В то же время мне стало ясно, как сильно Цезарь жаждет взять власть над Римом в свои руки. Предостережения седовласых жрецов огорчили его, настроив на мысли о неизбежном поражении. Однако слова Азиния Поллиона, далекого от таинств прорицания, вселили в Цезаря уверенность в успехе. Азинию Поллиону было всего двадцать шесть лет. У него не было ни большого жизненного опыта, ни каких-то специальных знаний в деле прорицаний, но Цезарь предпочел поверить ему, а не жрецам, поскольку помыслы Азиния Поллиона совпадали с его помыслами.
Приняв горячую ванну и пообедав в обществе Азиния Поллиона, Цезарь в оставшиеся три часа до начала пиршества у здешнего префекта отдавал последние распоряжения Флавию и тем из своих друзей, кто был посвящен в его тайные планы. Так, я увидел в доме у Цезаря легата Квинта Цицерона, потом другого легата Гая Оппия, затем пятерых военных трибунов из десятого легиона. Военачальники приходили к Цезарю один за другим, одетые в длинные плащи с капюшоном. Выслушав приказы Цезаря, военачальники так же по одному уходили восвояси. Краем уха я расслышал, что Цезарь приказал десятому легиону и конному отряду во главе с Гаем Оппием, как стемнеет, выдвигаться к городу Аримину. Сам Цезарь был намерен выехать из Цезены около полуночи и догнать свое войско на марше.
Как я понял, в группу приверженцев Цезаря, которым предстояло сопровождать его в ночной поездке до Аримина, входили помимо Флавия, меня и Олвикса еще Азиний Поллион, Курион и Марк Антоний. Всем нам, кроме Флавия, надлежало появиться на застолье у префекта Руфуса Гавия вместе с Цезарем. Флавию Цезарь поручил раздобыть повозку, запряженную парой мулов, погрузить в нее его походный сундук с самыми необходимыми вещами и находиться к полуночи в условленном месте за городом на Эмилиевой дороге.
Пиршественный зал в доме префекта с трудом вместил всех гостей, которых набралось около ста человек. Половину из приглашенных составляли друзья Цезаря. Все прочие гости являлись родственниками и приятелями хозяина дома. Цезарю отвели самое почетное место в самом центре зала.
Как было заведено у римлян исстари, мужчины возлежали за столами на ложах, женщины пировали сидя. По этой причине мужские столы стояли в триклинии отдельно от женских. Самые знатные из пирующих, среди которых находились Цезарь и Руфус Гавий, расположились за пятью отдельными столами, по три человека за одним столом. Все прочие гости, как мужчины, так и женщины, устроились за двумя длинными столами.

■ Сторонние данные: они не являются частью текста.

(* Let $0<\tau<1$, $x\in\mathbb{Z}$, $t\ge0$, and $$\varphi(\eta)=\Big(\frac{1-\eta}{1-\tau\eta}\Big)^{x}e^{\left[\frac{1}{1-\eta}-\frac{1}{1-\tau\eta}\right]t}\cdot\frac{1}{\tau^{-1}-\eta}.$$ Let $\Gamma$ be a closed curve going once counterclockwise around $\eta=1$, with $\eta=\tau^{-1}$ on the outside, which is star-shaped with respect to $\eta=0$. Let $K_1$ be the operator on $L^2(\Gamma)$ with kernel $K_1(\eta,\eta')=\frac{\varphi(\tau\eta)}{\eta'-\tau\eta}$. Then for $\lambda\in\mathbb{C}$, $$\det(I-\lambda K_1)=\prod_{k=1}^{\infty}(1-\lambda\tau^k).$$
   Context: $\det(I-\lambda K_1)$ denotes the Fredholm determinant on $L^2(\Gamma)$, where integrals along $\Gamma$ include the factor $\frac{1}{2\pi i}$. *)

theory Defs
  imports "HOL-Complex_Analysis.Complex_Analysis"
begin

fun multi_cint :: "(real \<Rightarrow> complex) \<Rightarrow> nat \<Rightarrow> ((nat \<Rightarrow> complex) \<Rightarrow> complex) \<Rightarrow> complex" where
  "multi_cint \<Gamma> 0 F = F (\<lambda>_. 0)"
| "multi_cint \<Gamma> (Suc n) F =
     contour_integral \<Gamma> (\<lambda>z. multi_cint \<Gamma> n (\<lambda>v. F (v(n := z)))) / (2 * pi * \<i>)"

definition kernel_det :: "(complex \<Rightarrow> complex \<Rightarrow> complex) \<Rightarrow> nat \<Rightarrow> (nat \<Rightarrow> complex) \<Rightarrow> complex" where
  "kernel_det K n v = (\<Sum>p | p permutes {..<n}. of_int (sign p) * (\<Prod>i<n. K (v i) (v (p i))))"

definition fredholm_term :: "(real \<Rightarrow> complex) \<Rightarrow> (complex \<Rightarrow> complex \<Rightarrow> complex) \<Rightarrow> complex \<Rightarrow> nat \<Rightarrow> complex" where
  "fredholm_term \<Gamma> K lam n = (- lam) ^ n / of_nat (fact n) * multi_cint \<Gamma> n (kernel_det K n)"

definition fredholm_det :: "(real \<Rightarrow> complex) \<Rightarrow> (complex \<Rightarrow> complex \<Rightarrow> complex) \<Rightarrow> complex \<Rightarrow> complex" where
  "fredholm_det \<Gamma> K lam = (\<Sum>n. fredholm_term \<Gamma> K lam n)"

definition phi :: "real \<Rightarrow> int \<Rightarrow> real \<Rightarrow> complex \<Rightarrow> complex" where
  "phi \<tau> x t \<eta> = ((1 - \<eta>) / (1 - of_real \<tau> * \<eta>)) powi x
      * exp ((1 / (1 - \<eta>) - 1 / (1 - of_real \<tau> * \<eta>)) * of_real t)
      * (1 / (1 / of_real \<tau> - \<eta>))"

Все столы были поставлены вдоль стен триклиния с таким расчетом, чтобы середина зала была пустой.
Для развлечения пирующих на середине зала сначала расположились музыканты, игравшие веселые мелодии на флейтах и различных струнных инструментах. Потом музыканты ушли, а им на смену появились фокусники и акробаты. Затем две молоденькие девушки исполнили несколько песен под аккомпанемент авлосов и арф.